One day a very good looking boy about my age was wheeled into the ward and placed in the room I had been in for the first two days while I was on the drip. We were the two oldest kids in the ward. He called out at night, moaning as though he was in pain, and sometimes he called out during the day too. There was always someone sitting with him, next to his bed. Almost always his parents. I used to skulk past trying to get a look at him, and once I caught his eye. I felt so sorry for him, alone in there with all those adults, but what could I do? One day when my ‘diabetic sister’ came to visit I asked her about him and she whispered that he had a brain tumour.

Every day a lovely paediatrician came to see me. He was a round man with a kind, smiling face. His mother had had type 1 diabetes and he used to give her her injections apparently.

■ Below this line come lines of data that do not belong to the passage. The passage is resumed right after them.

(* Let $q,d\geq 2$ be integers and let $\psi\in\mathbb{Z}$, $\psi\neq 0$. Then for every $\theta,x\in\mathbb{Z}$, the natural density of the set $\{n\in\mathbb{N}: \psi w_q(n)+\theta n+x\equiv 0\pmod d\}$ exists and equals $$\begin{cases}\frac{1}{d}\gcd(\psi,\theta,d) & \text{if } \gcd(\psi,\theta,d)\mid\gcd(x,d),\\ 0 & \text{otherwise.}\end{cases}$$
   Context: For an integer $q\geq 2$ and $n\in\mathbb{N}$: $v_q(0)=0$ and, for $n>0$, $v_q(n)=\max\{k: q^k\mid n\}$; $w_q(n)=\sum_{i=0}^n v_q(i)$. The natural density of $T\subseteq\mathbb{N}$ is $\lim_{N\to\infty}|\{n\in T: 0\leq n<N\}|/N$. *)

theory Defs
  imports "HOL-Analysis.Analysis" "HOL-Number_Theory.Cong"
begin

definition vq :: "nat \<Rightarrow> nat \<Rightarrow> nat" where
  "vq q n = (if n = 0 then 0 else (GREATEST k. q ^ k dvd n))"

definition wq :: "nat \<Rightarrow> nat \<Rightarrow> nat" where
  "wq q n = (\<Sum>i = 0..n. vq q i)"

definition has_natural_density :: "nat set \<Rightarrow> real \<Rightarrow> bool" where
  "has_natural_density T \<delta> \<longleftrightarrow>
     ((\<lambda>N. real (card {n \<in> T. n < N}) / real N) \<longlonglongrightarrow> \<delta>)"

end

theory Submission
  imports Defs
begin
(* Let $\Phi$ be a commutative ring with unity $1\ne 0$ and $\Delta=\{\delta_1,\delta_2\}$. Let $S\subseteq\mathbb{N}$ be a recursively enumerable set and let $M$ be a two-tape acyclic Minsky machine with internal states $q_0,q_1,\ldots,q_n$ such that for every $x\in\mathbb{N}$, starting at the configuration $[1,2^{2^x},0]$, $M$ reaches $[0,1,0]$ in finitely many steps if $x\in S$ and operates infinitely if $x\notin S$. Let $A=\Phi\{x_1,x_2,q_0,q_1,\ldots,q_n\}$. For each command $q_i\varepsilon\sigma\to q_jT_\alpha T_\beta$ of $M$ put $$f(i,\varepsilon,\sigma)=x_1^{\varepsilon}x_2^{\sigma}\delta_1^{1-\varepsilon}\delta_2^{1-\sigma}(q_i)-x_1^{\varepsilon}x_2^{\sigma}\delta_1^{1-\varepsilon+\alpha}\delta_2^{1-\sigma+\beta}(q_j)\in A,$$ let $I$ be the differential ideal of $A$ generated by all $f(i,\varepsilon,\sigma)$, let $J$ be the differential ideal of $A$ generated by $\delta_1(x_2)$ and $\delta_2(x_1)$, and for $m\in\mathbb{N}$ put $f_m=x_1x_2\delta_1^{2^{2^m}}(q_1)-x_1x_2\delta_1(q_0)$. Then $f_m\in I+J$ if and only if $m\in S$.
   Context: $\Phi$ is regarded as a differential ring with $\delta_1,\delta_2$ acting as zero. $\Phi\{y_1,\ldots,y_k\}$ denotes the differential polynomial ring: the polynomial ring over $\Phi$ in algebraically independent variables $\delta_1^a\delta_2^b(y_l)$ ($a,b\ge0$), with $\delta_1,\delta_2$ the commuting derivations determined by $\delta_1(\delta_1^a\delta_2^b(y_l))=\delta_1^{a+1}\delta_2^b(y_l)$, $\delta_2(\delta_1^a\delta_2^b(y_l))=\delta_1^a\delta_2^{b+1}(y_l)$. A differential ideal is an ideal closed under $\delta_1,\delta_2$. A two-tape Minsky machine has two tapes, infinite to the right, with cells numbered $0,1,2,\ldots$; cell $0$ of each tape contains $1$ and all other cells contain $0$. Its head has internal states $q_0,\ldots,q_n$, $q_0$ being terminal. A configuration is a triple $[i,a,b]$: state $q_i$, head observing cell $a$ of tape 1 and cell $b$ of tape 2. The program is a set of commands $q_i\varepsilon\sigma\to q_jT_\alpha T_\beta$ with $1\le i\le n$, $0\le j\le n$, $\varepsilon,\sigma\in\{0,1\}$, $\alpha,\beta\in\{-1,0,1\}$, $\alpha\ge0$ if $\varepsilon=1$, $\beta\ge0$ if $\sigma=1$, with at most one command for each triple $(i,\varepsilon,\sigma)$. Such a command applies to a configuration $[i,a,b]$ with $\varepsilon=1$ iff $a=0$ and $\sigma=1$ iff $b=0$, and produces the configuration $[j,a+\alpha,b+\beta]$ in one step; we write $[i,a,b]\to[j,a+\alpha,b+\beta]$. The machine is acyclic if there is no configuration from which it returns to that same configuration after a positive finite number of steps. (The symbols $q_0,\ldots,q_n$ are used both as state names and as differential variables of $A$.) *)

theory Defs
  imports "HOL-Library.Poly_Mapping"
begin

text \<open>A differential variable is a triple (l, a, b) standing for
  delta1^a delta2^b (y_l).  Generator indices: y_0 = x_1, y_1 = x_2,
  y_(i+2) = q_i.\<close>

type_synonym dvar = "nat \<times> nat \<times> nat"
type_synonym 'a dpoly = "(dvar \<Rightarrow>\<^sub>0 nat) \<Rightarrow>\<^sub>0 'a"

definition dX :: "dvar \<Rightarrow> 'a::comm_ring_1 dpoly" where
  "dX v = Poly_Mapping.single (Poly_Mapping.single v 1) 1"

text \<open>The derivation extending a shift map on variables (Leibniz rule,
  written out on monomials).\<close>
definition dder :: "(dvar \<Rightarrow> dvar) \<Rightarrow> 'a::comm_ring_1 dpoly \<Rightarrow> 'a dpoly" where
  "dder sh p = (\<Sum>m\<in>Poly_Mapping.keys p. \<Sum>v\<in>Poly_Mapping.keys (m :: dvar \<Rightarrow>\<^sub>0 nat).
      Poly_Mapping.single (m - Poly_Mapping.single v 1 + Poly_Mapping.single (sh v) 1)
        (Poly_Mapping.lookup p m * of_nat (Poly_Mapping.lookup m v)))"

definition delta1 :: "'a::comm_ring_1 dpoly \<Rightarrow> 'a dpoly" where
  "delta1 = dder (\<lambda>(l, a, b). (l, Suc a, b))"

definition delta2 :: "'a::comm_ring_1 dpoly \<Rightarrow> 'a dpoly" where
  "delta2 = dder (\<lambda>(l, a, b). (l, a, Suc b))"

definition dgen :: "nat \<Rightarrow> 'a::comm_ring_1 dpoly" where
  "dgen l = dX (l, 0, 0)"

definition dD :: "nat \<Rightarrow> nat \<Rightarrow> 'a::comm_ring_1 dpoly \<Rightarrow> 'a dpoly" where
  "dD a b p = (delta1 ^^ a) ((delta2 ^^ b) p)"

definition ringA :: "nat \<Rightarrow> 'a::comm_ring_1 dpoly set" where
  "ringA n = {p. \<forall>m\<in>Poly_Mapping.keys p. \<forall>v\<in>Poly_Mapping.keys m. fst v \<le> n + 2}"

Another memory from those two weeks was that I was super anxious at missing two weeks of school. I knew there was a Maths test planned for the day I got back. I panicked and figured I would fail the test as I’d miss so much work. I had to rely on the textbook. It was hard going, working through the worked examples and extremely detailed explanations for everything, and I had to go over pages a few times to make sense out of them. I showed up that first day back at school, carefully measured milk in my drink bottle (one portion), urine test tablets and test tube in my bag, sat the Maths test and was completely gobsmacked to get a score of 100%.

It was the only time in my life I got 100% in a test and I wish I’d realised the significance, the ‘take home message’. Read the documentation. Find the answers yourself and check them. There was no internet then. The only information we had was from doctors and the quarterly magazine from the diabetes association, which was peppered with dire warnings, people who were older than me, and anxiety-inducing outcome data that I didn’t realise applied to the previous generation. I read every word.